TASK PROMPT
A set of records appears below. Print them all, word for word.

Content starts

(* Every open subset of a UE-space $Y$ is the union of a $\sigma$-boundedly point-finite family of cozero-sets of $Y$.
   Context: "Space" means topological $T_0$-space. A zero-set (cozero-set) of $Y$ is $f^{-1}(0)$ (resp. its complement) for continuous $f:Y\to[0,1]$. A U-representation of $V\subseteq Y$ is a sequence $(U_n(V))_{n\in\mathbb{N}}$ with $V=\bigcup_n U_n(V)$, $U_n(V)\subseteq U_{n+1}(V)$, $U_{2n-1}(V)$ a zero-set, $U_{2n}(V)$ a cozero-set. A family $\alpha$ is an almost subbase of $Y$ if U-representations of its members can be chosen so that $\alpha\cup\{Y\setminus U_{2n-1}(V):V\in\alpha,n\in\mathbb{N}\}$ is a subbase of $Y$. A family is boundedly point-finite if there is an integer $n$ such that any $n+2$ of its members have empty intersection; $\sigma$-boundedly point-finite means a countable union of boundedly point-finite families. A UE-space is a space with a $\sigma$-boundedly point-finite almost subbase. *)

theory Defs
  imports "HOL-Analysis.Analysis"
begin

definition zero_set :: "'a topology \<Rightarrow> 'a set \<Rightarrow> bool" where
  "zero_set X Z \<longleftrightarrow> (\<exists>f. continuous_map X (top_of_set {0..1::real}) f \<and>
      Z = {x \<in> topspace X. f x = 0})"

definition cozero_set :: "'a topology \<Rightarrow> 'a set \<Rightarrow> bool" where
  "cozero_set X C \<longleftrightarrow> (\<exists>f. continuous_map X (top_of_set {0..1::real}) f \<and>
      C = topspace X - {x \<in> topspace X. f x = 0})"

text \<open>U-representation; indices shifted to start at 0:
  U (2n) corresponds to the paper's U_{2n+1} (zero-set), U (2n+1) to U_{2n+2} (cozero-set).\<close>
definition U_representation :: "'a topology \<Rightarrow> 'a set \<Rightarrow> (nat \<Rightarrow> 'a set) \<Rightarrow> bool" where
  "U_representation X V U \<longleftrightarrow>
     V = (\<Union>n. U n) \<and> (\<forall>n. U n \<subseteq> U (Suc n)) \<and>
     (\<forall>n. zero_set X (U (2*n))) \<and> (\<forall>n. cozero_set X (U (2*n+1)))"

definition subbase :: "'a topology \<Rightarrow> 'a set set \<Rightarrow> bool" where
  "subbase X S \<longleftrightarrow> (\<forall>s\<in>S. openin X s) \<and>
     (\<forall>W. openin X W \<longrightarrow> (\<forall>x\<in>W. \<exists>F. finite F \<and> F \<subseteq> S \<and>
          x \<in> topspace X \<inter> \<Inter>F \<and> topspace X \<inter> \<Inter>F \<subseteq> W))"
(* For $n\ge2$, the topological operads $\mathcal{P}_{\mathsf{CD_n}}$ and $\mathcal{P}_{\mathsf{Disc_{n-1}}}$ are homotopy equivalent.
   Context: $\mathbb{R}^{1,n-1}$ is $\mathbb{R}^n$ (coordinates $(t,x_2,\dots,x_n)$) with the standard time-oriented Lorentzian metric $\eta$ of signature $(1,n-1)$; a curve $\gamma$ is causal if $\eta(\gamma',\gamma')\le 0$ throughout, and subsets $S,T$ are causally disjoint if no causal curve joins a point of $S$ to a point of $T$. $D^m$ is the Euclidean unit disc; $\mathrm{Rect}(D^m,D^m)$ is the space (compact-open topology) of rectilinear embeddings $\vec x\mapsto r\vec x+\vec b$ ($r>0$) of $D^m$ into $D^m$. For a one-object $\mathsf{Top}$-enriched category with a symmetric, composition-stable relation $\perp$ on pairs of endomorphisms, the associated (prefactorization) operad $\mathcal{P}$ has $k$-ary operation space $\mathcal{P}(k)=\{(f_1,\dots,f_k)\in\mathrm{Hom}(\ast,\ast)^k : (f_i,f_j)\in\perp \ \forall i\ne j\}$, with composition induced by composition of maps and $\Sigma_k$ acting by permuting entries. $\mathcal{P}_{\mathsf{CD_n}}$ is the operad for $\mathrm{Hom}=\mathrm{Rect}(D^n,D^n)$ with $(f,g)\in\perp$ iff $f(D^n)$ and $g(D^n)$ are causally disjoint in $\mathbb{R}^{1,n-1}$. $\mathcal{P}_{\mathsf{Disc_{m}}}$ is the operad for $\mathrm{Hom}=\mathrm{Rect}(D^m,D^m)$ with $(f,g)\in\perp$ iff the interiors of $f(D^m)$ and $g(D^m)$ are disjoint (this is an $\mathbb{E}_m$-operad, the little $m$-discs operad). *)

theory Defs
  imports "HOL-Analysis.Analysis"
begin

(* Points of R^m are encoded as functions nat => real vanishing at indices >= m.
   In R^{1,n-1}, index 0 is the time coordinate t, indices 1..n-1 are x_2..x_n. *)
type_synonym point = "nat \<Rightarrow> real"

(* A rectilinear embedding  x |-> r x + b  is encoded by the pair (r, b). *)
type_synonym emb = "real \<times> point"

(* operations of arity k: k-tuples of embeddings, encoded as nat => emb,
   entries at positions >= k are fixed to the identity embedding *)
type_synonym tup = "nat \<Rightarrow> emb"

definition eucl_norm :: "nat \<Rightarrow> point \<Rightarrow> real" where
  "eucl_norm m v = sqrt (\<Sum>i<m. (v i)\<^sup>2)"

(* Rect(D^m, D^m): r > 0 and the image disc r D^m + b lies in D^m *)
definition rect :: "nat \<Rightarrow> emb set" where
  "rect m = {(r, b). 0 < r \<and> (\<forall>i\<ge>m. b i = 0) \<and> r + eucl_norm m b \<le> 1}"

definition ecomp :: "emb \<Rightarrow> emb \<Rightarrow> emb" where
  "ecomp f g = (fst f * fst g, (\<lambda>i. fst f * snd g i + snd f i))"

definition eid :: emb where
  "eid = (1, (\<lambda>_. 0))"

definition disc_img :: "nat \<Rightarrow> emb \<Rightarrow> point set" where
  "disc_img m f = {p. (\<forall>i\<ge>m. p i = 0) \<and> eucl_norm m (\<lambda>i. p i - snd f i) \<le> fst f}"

Content ends

EXERCISE RESULT
(* Every open subset of a UE-space $Y$ is the union of a $\sigma$-boundedly point-finite family of cozero-sets of $Y$.
   Context: "Space" means topological $T_0$-space. A zero-set (cozero-set) of $Y$ is $f^{-1}(0)$ (resp. its complement) for continuous $f:Y\to[0,1]$. A U-representation of $V\subseteq Y$ is a sequence $(U_n(V))_{n\in\mathbb{N}}$ with $V=\bigcup_n U_n(V)$, $U_n(V)\subseteq U_{n+1}(V)$, $U_{2n-1}(V)$ a zero-set, $U_{2n}(V)$ a cozero-set. A family $\alpha$ is an almost subbase of $Y$ if U-representations of its members can be chosen so that $\alpha\cup\{Y\setminus U_{2n-1}(V):V\in\alpha,n\in\mathbb{N}\}$ is a subbase of $Y$. A family is boundedly point-finite if there is an integer $n$ such that any $n+2$ of its members have empty intersection; $\sigma$-boundedly point-finite means a countable union of boundedly point-finite families. A UE-space is a space with a $\sigma$-boundedly point-finite almost subbase. *)

theory Defs
  imports "HOL-Analysis.Analysis"
begin

definition zero_set :: "'a topology \<Rightarrow> 'a set \<Rightarrow> bool" where
  "zero_set X Z \<longleftrightarrow> (\<exists>f. continuous_map X (top_of_set {0..1::real}) f \<and>
      Z = {x \<in> topspace X. f x = 0})"

definition cozero_set :: "'a topology \<Rightarrow> 'a set \<Rightarrow> bool" where
  "cozero_set X C \<longleftrightarrow> (\<exists>f. continuous_map X (top_of_set {0..1::real}) f \<and>
      C = topspace X - {x \<in> topspace X. f x = 0})"

text \<open>U-representation; indices shifted to start at 0:
  U (2n) corresponds to the paper's U_{2n+1} (zero-set), U (2n+1) to U_{2n+2} (cozero-set).\<close>
definition U_representation :: "'a topology \<Rightarrow> 'a set \<Rightarrow> (nat \<Rightarrow> 'a set) \<Rightarrow> bool" where
  "U_representation X V U \<longleftrightarrow>
     V = (\<Union>n. U n) \<and> (\<forall>n. U n \<subseteq> U (Suc n)) \<and>
     (\<forall>n. zero_set X (U (2*n))) \<and> (\<forall>n. cozero_set X (U (2*n+1)))"

definition subbase :: "'a topology \<Rightarrow> 'a set set \<Rightarrow> bool" where
  "subbase X S \<longleftrightarrow> (\<forall>s\<in>S. openin X s) \<and>
     (\<forall>W. openin X W \<longrightarrow> (\<forall>x\<in>W. \<exists>F. finite F \<and> F \<subseteq> S \<and>
          x \<in> topspace X \<inter> \<Inter>F \<and> topspace X \<inter> \<Inter>F \<subseteq> W))"
(* For $n\ge2$, the topological operads $\mathcal{P}_{\mathsf{CD_n}}$ and $\mathcal{P}_{\mathsf{Disc_{n-1}}}$ are homotopy equivalent.
   Context: $\mathbb{R}^{1,n-1}$ is $\mathbb{R}^n$ (coordinates $(t,x_2,\dots,x_n)$) with the standard time-oriented Lorentzian metric $\eta$ of signature $(1,n-1)$; a curve $\gamma$ is causal if $\eta(\gamma',\gamma')\le 0$ throughout, and subsets $S,T$ are causally disjoint if no causal curve joins a point of $S$ to a point of $T$. $D^m$ is the Euclidean unit disc; $\mathrm{Rect}(D^m,D^m)$ is the space (compact-open topology) of rectilinear embeddings $\vec x\mapsto r\vec x+\vec b$ ($r>0$) of $D^m$ into $D^m$. For a one-object $\mathsf{Top}$-enriched category with a symmetric, composition-stable relation $\perp$ on pairs of endomorphisms, the associated (prefactorization) operad $\mathcal{P}$ has $k$-ary operation space $\mathcal{P}(k)=\{(f_1,\dots,f_k)\in\mathrm{Hom}(\ast,\ast)^k : (f_i,f_j)\in\perp \ \forall i\ne j\}$, with composition induced by composition of maps and $\Sigma_k$ acting by permuting entries. $\mathcal{P}_{\mathsf{CD_n}}$ is the operad for $\mathrm{Hom}=\mathrm{Rect}(D^n,D^n)$ with $(f,g)\in\perp$ iff $f(D^n)$ and $g(D^n)$ are causally disjoint in $\mathbb{R}^{1,n-1}$. $\mathcal{P}_{\mathsf{Disc_{m}}}$ is the operad for $\mathrm{Hom}=\mathrm{Rect}(D^m,D^m)$ with $(f,g)\in\perp$ iff the interiors of $f(D^m)$ and $g(D^m)$ are disjoint (this is an $\mathbb{E}_m$-operad, the little $m$-discs operad). *)

theory Defs
  imports "HOL-Analysis.Analysis"
begin

(* Points of R^m are encoded as functions nat => real vanishing at indices >= m.
   In R^{1,n-1}, index 0 is the time coordinate t, indices 1..n-1 are x_2..x_n. *)
type_synonym point = "nat \<Rightarrow> real"

(* A rectilinear embedding  x |-> r x + b  is encoded by the pair (r, b). *)
type_synonym emb = "real \<times> point"

(* operations of arity k: k-tuples of embeddings, encoded as nat => emb,
   entries at positions >= k are fixed to the identity embedding *)
type_synonym tup = "nat \<Rightarrow> emb"

definition eucl_norm :: "nat \<Rightarrow> point \<Rightarrow> real" where
  "eucl_norm m v = sqrt (\<Sum>i<m. (v i)\<^sup>2)"

(* Rect(D^m, D^m): r > 0 and the image disc r D^m + b lies in D^m *)
definition rect :: "nat \<Rightarrow> emb set" where
  "rect m = {(r, b). 0 < r \<and> (\<forall>i\<ge>m. b i = 0) \<and> r + eucl_norm m b \<le> 1}"

definition ecomp :: "emb \<Rightarrow> emb \<Rightarrow> emb" where
  "ecomp f g = (fst f * fst g, (\<lambda>i. fst f * snd g i + snd f i))"

definition eid :: emb where
  "eid = (1, (\<lambda>_. 0))"

definition disc_img :: "nat \<Rightarrow> emb \<Rightarrow> point set" where
  "disc_img m f = {p. (\<forall>i\<ge>m. p i = 0) \<and> eucl_norm m (\<lambda>i. p i - snd f i) \<le> fst f}"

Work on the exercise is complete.